E471 Yağ asitlerinin mono ve digliseritleri
(Emülgatör)

E471, hayvansal yağ asitlerinden oluşmuşsa, kullanılmamalıdır.
Pastalar, Kekler, Çikolatalı ürünler, Margarinler, Kakao, Süt Tozu, Patates Püresi, Prinç ve Makarna
T
Kaynak: http://www.halal.de/HC_E-Nummern.htm



    “Etin helali olduğunu biliyorduk da, şimdi moleküllerin helallığı nereden çıktı” diyeceksiniz.
    Die Gaste’nin 4. sayısının başsayfasında  "Etnik reklamcığa hoş geldiniz" başlığı altında şunlar yazılmıştı:
        "... (Bu etnik reklamcılığın oluşmasındaki en büyük etmen firmaların, müşteri kazanmak istemesidir)... Diğer bir konu ise, ekonomik krizin derinleşmesiyle müşterilere olan rekabetin artması sonucu bu etnik reklamcılığın ne kadar etnikleştirileceği ve derinleştirileceğidir. Bu da paralel toplumların içinde yeni bir paralel toplumların yeşermesi potansiyelini birlikte getirecektir.” (Die Gaste, Sayı: 4 / Kasım-Aralık 2008)

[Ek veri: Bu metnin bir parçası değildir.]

text \<open>One half of Danskin's theorem: the right derivative at \<open>0\<close> of
  \<open>t \<mapsto> sup\<^sub>K (F + t G)\<close> is at most \<open>G\<close> at the unique maximiser of \<open>F\<close>.\<close>

lemma sup_growth_le_at_unique_argmax:
  fixes F G :: "'a::topological_space \<Rightarrow> real"
  assumes K: "seq_compact K"
    and F_cont: "\<And>X x. (\<And>k. X k \<in> K) \<Longrightarrow> x \<in> K \<Longrightarrow> X \<longlonglongrightarrow> x \<Longrightarrow> (\<lambda>k. F (X k)) \<longlonglongrightarrow> F x"
    and G_cont: "\<And>X x. (\<And>k. X k \<in> K) \<Longrightarrow> x \<in> K \<Longrightarrow> X \<longlonglongrightarrow> x \<Longrightarrow> (\<lambda>k. G (X k)) \<longlonglongrightarrow> G x"
    and G_le: "\<And>x. x \<in> K \<Longrightarrow> G x \<le> B"
    and m: "m \<in> K" and F_le: "\<And>x. x \<in> K \<Longrightarrow> F x \<le> F m"
    and unique: "\<And>x. x \<in> K \<Longrightarrow> F x = F m \<Longrightarrow> x = m"
    and growth: "\<And>t. 0 < t \<Longrightarrow> t < 1 \<Longrightarrow> F m + t * c \<le> (SUP x\<in>K. F x + t * G x)"
  shows "c \<le> G m"
proof -
  define t :: "nat \<Rightarrow> real" where "t k = 1 / (real k + 2)" for k
  have t: "0 < t k" "t k < 1" for k by (auto simp: t_def)
  have "\<exists>x\<in>K. F m + t k * c - t k * t k < F x + t k * G x" for k
  proof -
    have "F x + t k * G x \<le> F m + t k * B" if "x \<in> K" for x
      using F_le[OF that] G_le[OF that] t[of k] by (simp add: add_mono mult_left_mono)
    then have "bdd_above ((\<lambda>x. F x + t k * G x) ` K)" by (rule bdd_aboveI2)
    moreover have "F m + t k * c - t k * t k < (SUP x\<in>K. F x + t k * G x)"
      using growth[OF t[of k]] mult_pos_pos[OF t(1)[of k] t(1)[of k]] by linarith
    ultimately show ?thesis using m less_cSUP_iff[of K "\<lambda>x. F x + t k * G x"] by blast
  qed
  then obtain X where X: "\<And>k. X k \<in> K"
    and near: "\<And>k. F m + t k * c - t k * t k < F (X k) + t k * G (X k)"
    by metis
  have G_near: "c - t k < G (X k)" for k
  proof -
    have "t k * (c - t k) < t k * G (X k)"
      using near[of k] F_le[OF X[of k]] by (simp add: algebra_simps)
    then show ?thesis using t[of k] by simp
  qed
  have F_near: "F m - t k * (B - c + t k) < F (X k)" for k
  proof -
    have "t k * G (X k) \<le> t k * B" using G_le[OF X[of k]] t[of k] by (simp add: mult_left_mono)
    then show ?thesis using near[of k] by (simp add: algebra_simps)
  qed
  obtain x \<sigma> where x: "x \<in> K" and \<sigma>: "strict_mono \<sigma>" and lim: "(X \<circ> \<sigma>) \<longlonglongrightarrow> x"
    using seq_compactE[OF K] X by metis
  have "(\<lambda>k. 1 / (real k + 2)) \<longlonglongrightarrow> 0" by real_asymp
  from LIMSEQ_subseq_LIMSEQ[OF this \<sigma>] have t0: "(\<lambda>k. t (\<sigma> k)) \<longlonglongrightarrow> 0"
    by (simp add: t_def o_def)
  have FX: "(\<lambda>k. F (X (\<sigma> k))) \<longlonglongrightarrow> F x" and GX: "(\<lambda>k. G (X (\<sigma> k))) \<longlonglongrightarrow> G x"
    using F_cont[OF _ x lim] G_cont[OF _ x lim] X by (simp_all add: o_def)
  have "(\<lambda>k. F m - t (\<sigma> k) * (B - c + t (\<sigma> k))) \<longlonglongrightarrow> F m - 0 * (B - c + 0)"
    by (intro tendsto_intros t0)
  from tendsto_le[OF trivial_limit_sequentially FX this] have "F m \<le> F x"
    by (simp add: less_imp_le[OF F_near])
  then have "x = m" by (intro unique[OF x] antisym[OF F_le[OF x]])
  have "(\<lambda>k. c - t (\<sigma> k)) \<longlonglongrightarrow> c - 0" by (intro tendsto_intros t0)
  from tendsto_le[OF trivial_limit_sequentially GX this] have "c \<le> G x"
    by (simp add: less_imp_le[OF G_near])
  then show ?thesis using \<open>x = m\<close> by simp
qed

    Ve sonunda 2009 finans krizinin getirmiş olduğu iflaslar, işsizlik, aşırı üretim, düşük ücret ve malların satılamaması, rekabeti artırarak pazarlara olan ihtiyacı daha da artırmıştır. Yeni pazarların olmayışı(bulunmaması), bazı rant kesimlerini yeni pazarlama yöntemleri aramaya yöneltmiştir. Buldukları bu yeni pazarlama yöntemleri ise “helalcilik” bazında sertifikalama sistemi olmuştur. Amaç şöyle ifade edilmektedir:
        “EHZ’in Helal Sertifikalama Sisteminden istifade eden et ve gıda maddeleri imalathaneleri ve mezbahaneleri, bu sertifikalama sistemiyle helal standartlarına uygun helal gıda maddeleri üretebilecekler ve bu standardı kazanan işletmeler pazar paylarını arttırabileceklerdir.” (EHZ, Avrupa Helal Sertifika Enstitüsü)
        “İsrail’in ‘koşer’ adıyla uyguladığı helal sertifikasıyla İslam dünyası 2004’te tanıştı. Müslüman ülkelerin yanı sıra Müslüman nüfusa sahip Avrupa ülkeleri Almanya, Fransa, Belçika hatta Vietnam bile ‘helal’ sertifikası veriyor.” (Zaman, 25.02.2008) .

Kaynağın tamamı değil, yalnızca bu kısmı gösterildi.